§ **What you need to do**
Check every line of the material below for the string "assumes". State how many lines have it.

§ **Excerpted data**
Start of Block

(* Write X in W by its columns (a j, b j, c j), in rows j, j+1, j+2 (mod 5), where Horn has the
   signs +, -, +. Then det (Horn o X) = 0 iff some e <> 0 satisfies
   e j * a j - e (j+1) * b j + e (j+2) * c j = 0 for all j, and on Z_Horn e = 1/d works.
   The converse inclusion rests on the fact that a polynomial curve lying in a Zariski closed set
   for all large t lies in it for every t. If no e k vanishes, X has the shape of a point of
   Z_Horn except for positivity, which shifting all parameters by t restores. Otherwise some
   F <> 0, supported on the zeros of e, satisfies the equations of the columns on whose three rows
   e vanishes (a column j with e j = 0 <> e (j+1) imposes none), and X deforms polynomially along
   with the kernel vector e + t F, which has fewer zeros; induction on the number of zeros
   concludes. *)

definition cyc_succ :: "nat \<Rightarrow> nat" where
  "cyc_succ j = (j + 1) mod 5"

definition cyc_succ2 :: "nat \<Rightarrow> nat" where
  "cyc_succ2 j = (j + 2) mod 5"

lemma cyc_succ_simps [simp]:
  "cyc_succ 0 = Suc 0" "cyc_succ (Suc 0) = 2" "cyc_succ 2 = 3" "cyc_succ 3 = 4" "cyc_succ 4 = 0"
  "cyc_succ2 0 = 2" "cyc_succ2 (Suc 0) = 3" "cyc_succ2 2 = 4" "cyc_succ2 3 = 0" "cyc_succ2 4 = Suc 0"
  by (simp_all add: cyc_succ_def cyc_succ2_def)

lemma cyc_succ_less [simp]: "cyc_succ j < 5" "cyc_succ2 j < 5"
  by (simp_all add: cyc_succ_def cyc_succ2_def)

lemma all_less_5: "(\<forall>j<5. P j) \<longleftrightarrow> P 0 \<and> P 1 \<and> P 2 \<and> P 3 \<and> P (4::nat)"
  by (auto simp: less_Suc_eq numeral_eq_Suc)

lemma ex_less_5: "(\<exists>j<5. P j) \<longleftrightarrow> P 0 \<or> P 1 \<or> P 2 \<or> P 3 \<or> P (4::nat)"
  by (auto simp: less_Suc_eq numeral_eq_Suc)

lemma sum_less_5: "(\<Sum>i<(5::nat). f i) = f 0 + f 1 + f 2 + f 3 + (f 4 :: 'a::comm_monoid_add)"
  by (simp add: numeral_eq_Suc lessThan_Suc add_ac)

lemma eq_mat_5I:
  "A \<in> carrier_mat 5 5 \<Longrightarrow> B \<in> carrier_mat 5 5 \<Longrightarrow> \<forall>i<5. \<forall>j<5. A $$ (i, j) = B $$ (i, j) \<Longrightarrow> A = B"
  by (intro eq_matI) auto

definition Wmat :: "(nat \<Rightarrow> real) \<Rightarrow> (nat \<Rightarrow> real) \<Rightarrow> (nat \<Rightarrow> real) \<Rightarrow> real mat" where
  "Wmat a b c = mat 5 5 (\<lambda>(i, j).
     if i = j then a j else if i = cyc_succ j then b j else if i = cyc_succ2 j then c j else 0)"
definition achieves :: "real \<Rightarrow> real \<Rightarrow> nat \<Rightarrow> real \<Rightarrow> (bool list \<Rightarrow> bool list \<Rightarrow> real) \<Rightarrow> bool" where
  "achieves p \<alpha> n \<epsilon> W \<longleftrightarrow> feasible p \<alpha> n \<epsilon> W \<and> root n (PcYZ p \<alpha> n W) = hlow p \<alpha> n \<epsilon>"

definition zeta :: "real \<Rightarrow> real \<Rightarrow> nat \<Rightarrow> real \<Rightarrow> real" where
  "zeta p \<alpha> n \<epsilon> = ((1 - \<alpha>) ^ n - \<epsilon> ^ n) / (((1 - \<alpha>) * p) ^ n - (\<alpha> * (1 - p)) ^ n)"

end

theory Submission
  imports Defs
begin

text \<open>
  Write \<open>q = Pr(Y\<^sub>k = 1)\<close> and \<open>D = ((1-\<alpha>) p)\<^sup>n - (\<alpha> (1-p))\<^sup>n\<close>.
  Coordinatewise, \<open>(\<alpha> (1-p))\<^sup>n P\<^sub>Y(y) \<le> P\<^sub>X\<^sub>Y(x,y) q\<^sup>n\<close> and
  \<open>P\<^sub>X\<^sub>Y(y,y) q\<^sup>n \<le> ((1-\<alpha>) p)\<^sup>n P\<^sub>Y(y)\<close>. Using, in every output column of a
  channel, the MAP guess of \<open>Y\<close> also as a guess of \<open>X\<close> and summing over the columns gives
  \<open>((1-\<alpha>)\<^sup>n - P\<^sub>c(X|Z)) q\<^sup>n \<le> D (1 - P\<^sub>c(Y|Z))\<close>; so the privacy constraint
  \<open>P\<^sub>c(X|Z) \<le> \<epsilon>\<^sup>n\<close> forces \<open>P\<^sub>c(Y|Z) \<le> 1 - \<zeta>\<^sub>n(\<epsilon>) q\<^sup>n\<close>.
  Conversely, while the crossover \<open>\<gamma>\<close> of the Z-channel is small, the MAP estimate of \<open>X\<close>
  from its output is the output itself; this gives \<open>P\<^sub>c(X|Z) = (1-\<alpha>)\<^sup>n - \<gamma> D\<close> and
  \<open>P\<^sub>c(Y|Z) \<ge> 1 - \<gamma> q\<^sup>n\<close>, so \<open>\<gamma> = \<zeta>\<^sub>n(\<epsilon>)\<close> attains the bound, and
  \<open>\<zeta>\<^sub>n(\<epsilon>)\<close> is small enough for \<open>\<epsilon>\<close> near \<open>1-\<alpha>\<close>.
\<close>

lemma words_Suc: "words (Suc n) = Cons True ` words n \<union> Cons False ` words n"
proof
  show "words (Suc n) \<subseteq> Cons True ` words n \<union> Cons False ` words n"
  proof
    fix x assume "x \<in> words (Suc n)"
    then obtain b ys where "x = b # ys" "length ys = n" by (auto simp: words_def length_Suc_conv)
    then show "x \<in> Cons True ` words n \<union> Cons False ` words n" by (cases b) (auto simp: words_def)
  qed
qed (auto simp: words_def)

lemma finite_words [simp]: "finite (words n)"
  using finite_lists_length_eq[of "UNIV :: bool set" n] by (simp add: words_def)

lemma replicate_in_words [simp]: "replicate n b \<in> words n"
  by (simp add: words_def)

lemma sum_words_prod:
  fixes g :: "nat \<Rightarrow> bool \<Rightarrow> 'a::comm_semiring_1"
  shows "(\<Sum>x\<in>words n. \<Prod>k<n. g k (x!k)) = (\<Prod>k<n. g k True + g k False)"
proof (induction n arbitrary: g)
  case 0
  then show ?case by (simp add: words_def)
next
  case (Suc n)
  have "(\<Sum>x\<in>Cons b ` words n. \<Prod>k<Suc n. g k (x!k)) = g 0 b * (\<Prod>k<n. g (Suc k) True + g (Suc k) False)"
    for b
    using Suc.IH[of "\<lambda>k. g (Suc k)"]
    by (simp add: sum.reindex prod.lessThan_Suc_shift flip: sum_distrib_left del: prod.lessThan_Suc)
  moreover have "Cons True ` words n \<inter> Cons False ` words n = {}"
    by auto
  ultimately show ?case
    by (simp add: words_Suc sum.union_disjoint distrib_right prod.lessThan_Suc_shift
             del: prod.lessThan_Suc)
qed

definition qY :: "real \<Rightarrow> real \<Rightarrow> real" where
  "qY p \<alpha> = \<alpha> * (1 - p) + (1 - \<alpha>) * p"

definition zeta_den :: "real \<Rightarrow> real \<Rightarrow> nat \<Rightarrow> real" where
  "zeta_den p \<alpha> n = ((1 - \<alpha>) * p) ^ n - (\<alpha> * (1 - p)) ^ n"

text \<open>Up to this crossover the all-zeros input stays a MAP estimate of \<open>X\<close> in the all-zeros
  output column of the Z-channel.\<close>

definition zchan_gamma_max :: "real \<Rightarrow> real \<Rightarrow> nat \<Rightarrow> real" where
  "zchan_gamma_max p \<alpha> n = ((1 - p) * (1 - \<alpha>)) ^ n - p * \<alpha> * ((1 - p) * (1 - \<alpha>)) ^ (n - 1)"

lemma zeta_eq: "zeta p \<alpha> n \<epsilon> = ((1 - \<alpha>) ^ n - \<epsilon> ^ n) / zeta_den p \<alpha> n"
  by (simp add: zeta_def zeta_den_def)

lemma bern_nonneg: "0 \<le> r \<Longrightarrow> r \<le> 1 \<Longrightarrow> 0 \<le> bern r b"
  by (simp add: bern_def)

lemma PY_eq_prod: "PY p \<alpha> n y = (\<Prod>k<n. bern (qY p \<alpha>) (y!k))"
  unfolding PY_def PXY_def sum_words_prod[where g="\<lambda>k a. bern p a * bern \<alpha> (a \<noteq> y!k)"]
  by (rule prod.cong) (auto simp: bern_def qY_def algebra_simps)

lemma sum_PY: "(\<Sum>y\<in>words n. PY p \<alpha> n y) = 1"
  unfolding PY_eq_prod sum_words_prod[where g="\<lambda>k. bern (qY p \<alpha>)"] by (simp add: bern_def)

lemma PY_replicate_True: "PY p \<alpha> n (replicate n True) = qY p \<alpha> ^ n"
  by (simp add: PY_eq_prod bern_def)

lemma PXY_diag: "PXY p \<alpha> n y y = (\<Prod>k<n. bern p (y!k) * (1 - \<alpha>))"
  by (simp add: PXY_def bern_def)
(* Let $M$ be a sparse paving matroid of rank $r$, and let $B_1$ and $B_2$ be disjoint bases of $M$. Then there is a cyclic ordering $(b_1,b_2,\dots,b_r,b_{r+1},\dots,b_{2r})$ of $B_1\cup B_2$ with $B_1=\{b_1,\dots,b_r\}$ and $B_2=\{b_{r+1},\dots,b_{2r}\}$ such that every set of $r$ cyclically-consecutive elements of this cyclic ordering is a basis of $M$.
   Context: A matroid $M$ of rank $r$ is sparse paving if every nonspanning circuit is a hyperplane; equivalently, every $r$-subset of $E(M)$ is a basis or a circuit-hyperplane. *)

theory Defs
  imports Main
begin

definition matroid :: "'a set \<Rightarrow> ('a set \<Rightarrow> bool) \<Rightarrow> bool" where
  "matroid E indep \<longleftrightarrow>
     finite E \<and>
     indep {} \<and>
     (\<forall>X. indep X \<longrightarrow> X \<subseteq> E) \<and>
     (\<forall>X Y. indep X \<and> Y \<subseteq> X \<longrightarrow> indep Y) \<and>
     (\<forall>X Y. indep X \<and> indep Y \<and> card X < card Y \<longrightarrow>
        (\<exists>y \<in> Y - X. indep (insert y X)))"

definition basis :: "'a set \<Rightarrow> ('a set \<Rightarrow> bool) \<Rightarrow> 'a set \<Rightarrow> bool" where
  "basis E indep B \<longleftrightarrow> indep B \<and> (\<forall>X. indep X \<and> B \<subseteq> X \<longrightarrow> X = B)"

definition rk :: "'a set \<Rightarrow> ('a set \<Rightarrow> bool) \<Rightarrow> 'a set \<Rightarrow> nat" where
  "rk E indep X = Max {card Y | Y. Y \<subseteq> X \<and> indep Y}"

definition matroid_rank :: "'a set \<Rightarrow> ('a set \<Rightarrow> bool) \<Rightarrow> nat" where
  "matroid_rank E indep = rk E indep E"

definition circuit :: "'a set \<Rightarrow> ('a set \<Rightarrow> bool) \<Rightarrow> 'a set \<Rightarrow> bool" where
  "circuit E indep C \<longleftrightarrow> C \<subseteq> E \<and> \<not> indep C \<and> (\<forall>x \<in> C. indep (C - {x}))"

definition spanning :: "'a set \<Rightarrow> ('a set \<Rightarrow> bool) \<Rightarrow> 'a set \<Rightarrow> bool" where
  "spanning E indep X \<longleftrightarrow> X \<subseteq> E \<and> rk E indep X = rk E indep E"

definition flat :: "'a set \<Rightarrow> ('a set \<Rightarrow> bool) \<Rightarrow> 'a set \<Rightarrow> bool" where
  "flat E indep F \<longleftrightarrow> F \<subseteq> E \<and> (\<forall>x \<in> E - F. rk E indep (insert x F) > rk E indep F)"

definition hyperplane :: "'a set \<Rightarrow> ('a set \<Rightarrow> bool) \<Rightarrow> 'a set \<Rightarrow> bool" where
  "hyperplane E indep H \<longleftrightarrow> flat E indep H \<and> rk E indep H + 1 = rk E indep E"

definition sparse_paving :: "'a set \<Rightarrow> ('a set \<Rightarrow> bool) \<Rightarrow> bool" where
  "sparse_paving E indep \<longleftrightarrow> matroid E indep \<and>
     (\<forall>C. circuit E indep C \<and> \<not> spanning E indep C \<longrightarrow> hyperplane E indep C)"

end

theory Submission
  imports Defs
begin

text \<open>
  In a sparse paving matroid of rank r, two r-sets that differ by a single exchange (adjacent
  sets) cannot both be non-bases. Order B1 as a_0, ..., a_(r-1) and B2 as c_0, ..., c_(r-1):
  the window starting at a_k is (B1 - {a_0, ..., a_(k-1)}) \<union> {c_0, ..., c_(k-1)} and the
  window starting at c_k is its complement, so we need these sets and their complements to be
  bases for all k. The orderings are built from the back: from P \<subseteq> B1 and Q \<subseteq> B2
  of size n we remove a pair (x, y) keeping the set for P - {x}, Q - {y} and its complement
  bases. For fixed x the candidate sets for different y are pairwise adjacent, so at most two
  choices of y fail; thus at most 2n of the n^2 pairs fail, and for n \<ge> 3 there is enough
  room to also secure a good final pair for the step from size 2 to size 1.
\<close>

section \<open>Adjacent sets\<close>

definition adjacent :: "'a set \<Rightarrow> 'a set \<Rightarrow> bool" where
  "adjacent S T \<longleftrightarrow> (\<exists>s t. S - T = {s} \<and> T - S = {t})"

lemma adjacent_sym: "adjacent S T \<longleftrightarrow> adjacent T S"
  unfolding adjacent_def by blast

lemma adjacent_singletons: "x \<noteq> y \<Longrightarrow> adjacent {x} {y}"
  unfolding adjacent_def by blast

lemma adjacent_Diff_singletons: "x \<in> X \<Longrightarrow> y \<in> X \<Longrightarrow> x \<noteq> y \<Longrightarrow> adjacent (X - {x}) (X - {y})"
  unfolding adjacent_def by (intro exI[of _ y] exI[of _ x]) blast

lemma adjacent_Diff_Diff:
  assumes "S \<subseteq> U" "T \<subseteq> U"
  shows "adjacent (U - S) (U - T) \<longleftrightarrow> adjacent S T"
proof -
  have "(U - S) - (U - T) = T - S" "(U - T) - (U - S) = S - T"
    using assms by auto
  then show ?thesis unfolding adjacent_def by auto
qed

lemma adjacent_obtain_exchange:
  assumes "adjacent S T"
  obtains s t where "s \<in> S" "t \<notin> S" "T = insert t (S - {s})"
proof -
  obtain s t where "S - T = {s}" "T - S = {t}"
    using assms unfolding adjacent_def by blast
  then have "s \<in> S" "t \<notin> S" "T = insert t (S - {s})" by blast+
  then show ?thesis by (rule that)
qed

section \<open>Rank, bases and circuits\<close>

lemma finite_rk_candidates: "finite X \<Longrightarrow> finite {card Y | Y. Y \<subseteq> X \<and> indep Y}"
  by (rule finite_subset[of _ "card ` Pow X"]) auto

lemma card_le_rk: "finite X \<Longrightarrow> Y \<subseteq> X \<Longrightarrow> indep Y \<Longrightarrow> card Y \<le> rk E indep X"
  unfolding rk_def by (rule Max_ge[OF finite_rk_candidates]) auto

lemma rk_attained:
  assumes "finite X" "indep {}"
  obtains Y where "Y \<subseteq> X" "indep Y" "card Y = rk E indep X"
proof -
  have "rk E indep X \<in> {card Y | Y. Y \<subseteq> X \<and> indep Y}"
    unfolding rk_def by (rule Max_in[OF finite_rk_candidates[OF assms(1)]]) (use assms(2) in auto)
  then show ?thesis using that by auto
qed

context
  fixes E :: "'a set" and indep :: "'a set \<Rightarrow> bool"
  assumes matroid: "matroid E indep"
begin

lemma finite_ground: "finite E"
  using matroid unfolding matroid_def by blast

lemma indep_empty: "indep {}"
  using matroid unfolding matroid_def by blast

lemma indep_subset_ground: "indep X \<Longrightarrow> X \<subseteq> E"
  using matroid unfolding matroid_def by blast

lemma indep_finite: "indep X \<Longrightarrow> finite X"
  using indep_subset_ground finite_ground finite_subset by blast

lemma indep_augment: "indep X \<Longrightarrow> indep Y \<Longrightarrow> card X < card Y \<Longrightarrow> \<exists>y \<in> Y - X. indep (insert y X)"
  using matroid unfolding matroid_def by blast

lemma indep_card_le_rank: "indep X \<Longrightarrow> card X \<le> matroid_rank E indep"
  unfolding matroid_rank_def
  using card_le_rk[where X=E and E=E] finite_ground indep_subset_ground by blast

lemma basis_iff_indep_card: "basis E indep B \<longleftrightarrow> indep B \<and> card B = matroid_rank E indep"
proof
  assume B: "basis E indep B"
  then have "indep B" unfolding basis_def by blast
  obtain J where J: "indep J" "card J = matroid_rank E indep"
    using rk_attained[where X=E and E=E and indep=indep] finite_ground indep_empty
    unfolding matroid_rank_def by blast
  have "\<not> card B < card J"
  proof
    assume "card B < card J"
    then obtain y where "y \<in> J - B" "indep (insert y B)"
      using indep_augment \<open>indep B\<close> J(1) by blast
    then show False using B unfolding basis_def by blast
  qed
  then show "indep B \<and> card B = matroid_rank E indep"
    using \<open>indep B\<close> J(2) indep_card_le_rank by force
next
  assume B: "indep B \<and> card B = matroid_rank E indep"
  show "basis E indep B"
    unfolding basis_def
  proof (intro conjI allI impI)
    fix X assume X: "indep X \<and> B \<subseteq> X"
    then have "card X \<le> card B"
      using indep_card_le_rank B by simp
    then show "X = B"
      using card_seteq[OF indep_finite] X by (metis)
  qed (use B in blast)
qed

lemma rk_less_card_if_dependent:
  assumes "finite X" "\<not> indep X"
  shows "rk E indep X < card X"
proof -
  obtain Y where Y: "Y \<subseteq> X" "indep Y" "card Y = rk E indep X"
    using rk_attained[where E=E and indep=indep and X=X] assms(1) indep_empty by blast
  then have "Y \<subset> X" using assms(2) by blast
  then show ?thesis using Y(3) psubset_card_mono[OF assms(1)] by metis
qed

lemma dependent_contains_circuit:
  assumes "X \<subseteq> E" "\<not> indep X"
  obtains C where "C \<subseteq> X" "circuit E indep C"
proof -
  have "\<exists>C. (C \<subseteq> X \<and> \<not> indep C) \<and> (\<forall>C'. C' \<subseteq> X \<and> \<not> indep C' \<longrightarrow> card C \<le> card C')"
    by (rule ex_has_least_nat) (use assms(2) in blast)
  then obtain C where C: "C \<subseteq> X" "\<not> indep C"
    and minimal: "\<And>C'. C' \<subseteq> X \<Longrightarrow> \<not> indep C' \<Longrightarrow> card C \<le> card C'"
    by blast
  have "finite C"
    using finite_subset[OF subset_trans[OF C(1) assms(1)] finite_ground] .
  have "indep (C - {x})" if "x \<in> C" for x
  proof (rule ccontr)
    assume "\<not> indep (C - {x})"
    then have "card C \<le> card (C - {x})"
      using minimal C(1) by blast
    then show False
      using card_Diff1_less[OF \<open>finite C\<close> that] by simp
  qed
  then have "circuit E indep C"
    unfolding circuit_def using C assms(1) by blast
  then show ?thesis using C(1) that by blast
qed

End of Block

§ **Result**
6